Gaby had often been left to fend for herself. Linda had always been a grafter, cleaning offices, stacking supermarket shelves, just to put food on the table. But as soon as Gaby had got to secondary school, she hadn’t been around much. She’d had Gaby while she was still a teenager and felt she’d missed out on life. Once Gaby was halfway independent, her mum had started making up for lost time. There’d been so many boyfriends that Gaby had lost count. Gaby had just got on with things, had felt her way through life without, it seemed, any rules.
She’d discovered art even before school, scribbling on scraps of paper, losing herself in the designs to block out the chaos of the flat; her mother’s constant exhaustion from work had meant there was little energy to keep on top of things at home. In class she’d doodled instead of listening to teachers. It had been a rough school in a poor area and they’d just been grateful that she was quiet, not disruptive. She still had a maths book decorated with cartoon dragons, strange imaginary landscapes. An art teacher had been her salvation, praising her creations, sending her out at weekends to look at galleries, showing her a different world.
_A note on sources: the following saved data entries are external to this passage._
(* Let $G$ be a graph on $n$ vertices. Then $\mathcal{P}_2(\mathcal{E}_G)=\emptyset$ if and only if $G$ is a disjoint union of complete graphs.
   Context: Work over an algebraically closed field $k$. The Fomin–Kirillov algebra $\mathcal{E}_n$ is the graded $k$-algebra generated by degree-$1$ elements $x_{ij}$, $1\leq i<j\leq n$, subject to: $x_{ij}^2=0$; $x_{ij}x_{kl}=x_{kl}x_{ij}$ whenever $\{i,j\}\cap\{k,l\}=\emptyset$; $x_{ij}x_{jk}-x_{jk}x_{ik}-x_{ik}x_{ij}=0$ and $x_{jk}x_{ij}-x_{ik}x_{jk}-x_{ij}x_{ik}=0$ for $i<j<k$. For a graph $G$ on vertex set $\{1,\dots,n\}$, $\mathcal{E}_G$ is the subalgebra of $\mathcal{E}_n$ generated by the $x_{ij}$ with $\{i,j\}$ an edge of $G$. A degree-$2$ truncated point module over a connected graded algebra $A$ generated in degree $1$ is a graded cyclic module generated in degree $0$ with Hilbert series $1+t+t^2$; $\mathcal{P}_2(A)$ is the space of such modules. *)

theory Defs
  imports "HOL-Computational_Algebra.Polynomial"
begin

text \<open>An element of the degree-2 part of the free algebra
  k<x_ij> is a tensor T, the coefficient of the word x_e x_f being T e f.\<close>

type_synonym gen = "nat \<times> nat"
type_synonym 'k quad = "gen \<Rightarrow> gen \<Rightarrow> 'k"

definition gens :: "nat \<Rightarrow> gen set" where
  "gens n = {(i, j). 1 \<le> i \<and> i < j \<and> j \<le> n}"

definition word2 :: "gen \<Rightarrow> gen \<Rightarrow> 'k::field quad" where
  "word2 e f = (\<lambda>a b. if a = e \<and> b = f then 1 else 0)"

definition FK_rels :: "nat \<Rightarrow> 'k::field quad set" where
  "FK_rels n =
     {word2 (i, j) (i, j) | i j. (i, j) \<in> gens n}
   \<union> {(\<lambda>a b. word2 (i, j) (k, l) a b - word2 (k, l) (i, j) a b) | i j k l.
        (i, j) \<in> gens n \<and> (k, l) \<in> gens n \<and> {i, j} \<inter> {k, l} = {}}
   \<union> {(\<lambda>a b. word2 (i, j) (j, k) a b - word2 (j, k) (i, k) a b - word2 (i, k) (i, j) a b) | i j k.
        1 \<le> i \<and> i < j \<and> j < k \<and> k \<le> n}
   \<union> {(\<lambda>a b. word2 (j, k) (i, j) a b - word2 (i, k) (j, k) a b - word2 (i, j) (i, k) a b) | i j k.
        1 \<le> i \<and> i < j \<and> j < k \<and> k \<le> n}"

definition lin_span :: "'k::field quad set \<Rightarrow> 'k quad set" where
  "lin_span S = {T. \<exists>F u. finite F \<and> F \<subseteq> S \<and> T = (\<lambda>a b. \<Sum>g\<in>F. u g * g a b)}"

text \<open>Degree-2 relations of E_G: elements of the degree-2 part of the free algebra
  on the generators x_e, e an edge of G, that vanish in E_n.  Since E_n is
  quadratic, these are exactly the elements of span(FK_rels n) supported on
  words in the edge generators.\<close>
definition EG_rels2 :: "nat \<Rightarrow> gen set \<Rightarrow> 'k::field quad set" where
  "EG_rels2 n E = {T \<in> lin_span (FK_rels n). \<forall>e f. T e f \<noteq> 0 \<longrightarrow> e \<in> E \<and> f \<in> E}"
Gaby had come into her own at art college, made friends, become the joker in the pack, still living at home and including Linda’s exploits in stories to entertain the other students. They’d been mostly middle-class kids, with an eye to making it in advertising or film. Her passion had always been painting. A year after college, she’d been doing the same sort of work as her mother – bar work, cleaning – putting off the inevitable slide into teaching, when she saw the advert in the Guardian for an artist in residence at the Woodyard Centre in North Devon. She’d skipped most of the details, just seen there was a salary she could live on. And the words studio space had jumped out at her.
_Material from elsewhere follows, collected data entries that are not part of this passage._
lemma unnorm_posterior_nonneg: "0 < c \<Longrightarrow> 0 \<le> unnorm_posterior c t"
  using prior_nonneg f_pos[of "Q t / c"] Q_nonneg[of t] by (simp add: unnorm_posterior_def)

lemma unnorm_posterior_le:
  assumes "0 < c" "0 \<le> u" "u \<le> Q t"
  shows "unnorm_posterior c t \<le> f (u / c) * prior t"
proof -
  have "f (Q t / c) \<le> f (u / c)"
    using assms by (intro f_antimono divide_right_mono) auto
  then show ?thesis
    unfolding unnorm_posterior_def using prior_nonneg[of t] by (simp add: mult_left_mono mult.commute)
qed

lemma unnorm_posterior_measurable: "0 < c \<Longrightarrow> unnorm_posterior c \<in> borel_measurable lborel"
proof -
  assume "0 < c"
  then have "continuous_on UNIV (\<lambda>t. f (Q t / c))"
    using Q_nonneg by (intro continuous_on_compose2[OF f_cont] continuous_intros Q_cont) auto
  then show ?thesis
    unfolding unnorm_posterior_def using prior_cont by (auto intro!: borel_measurable_continuous_onI continuous_intros)
qed

lemma unnorm_posterior_integrable:
  assumes "0 < c"
  shows "integrable lborel (unnorm_posterior c)"
proof (rule Bochner_Integration.integrable_bound)
  show "integrable lborel (\<lambda>t. f 0 * prior t)" using prior_integrable by simp
  show "unnorm_posterior c \<in> borel_measurable lborel" using assms by (rule unnorm_posterior_measurable)
  have "unnorm_posterior c t \<le> f 0 * prior t" for t
    using unnorm_posterior_le[OF assms order_refl Q_nonneg] by simp
  then show "AE t in lborel. norm (unnorm_posterior c t) \<le> norm (f 0 * prior t)"
    using unnorm_posterior_nonneg[OF assms] by (intro AE_I2) (metis abs_ge_self abs_of_nonneg order_trans real_norm_def)
qed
Sitting on the little train easing its way down the Taw Valley from Exeter to Barnstaple, she’d seen paintings in the dense trees, the water and the watchful heron, and decided she wanted this job more than anything else in the world. She’d been interviewed by two men: Jonathan Church, who managed the whole of the Woodyard Centre, and Christopher Preece, who was chair of trustees. Jonathan had already shown her around the centre, describing its philosophy. ‘This is a space where everyone should feel comfortable – the A-level students attending specialist masterclasses and the guys in the day centre who have a learning disability. We very much believe in art for everyone.’ She hadn’t said she only cared about her art. She’d seen the big empty room in the roof and imagined herself there, painting. She’d have promised the earth to get the gig.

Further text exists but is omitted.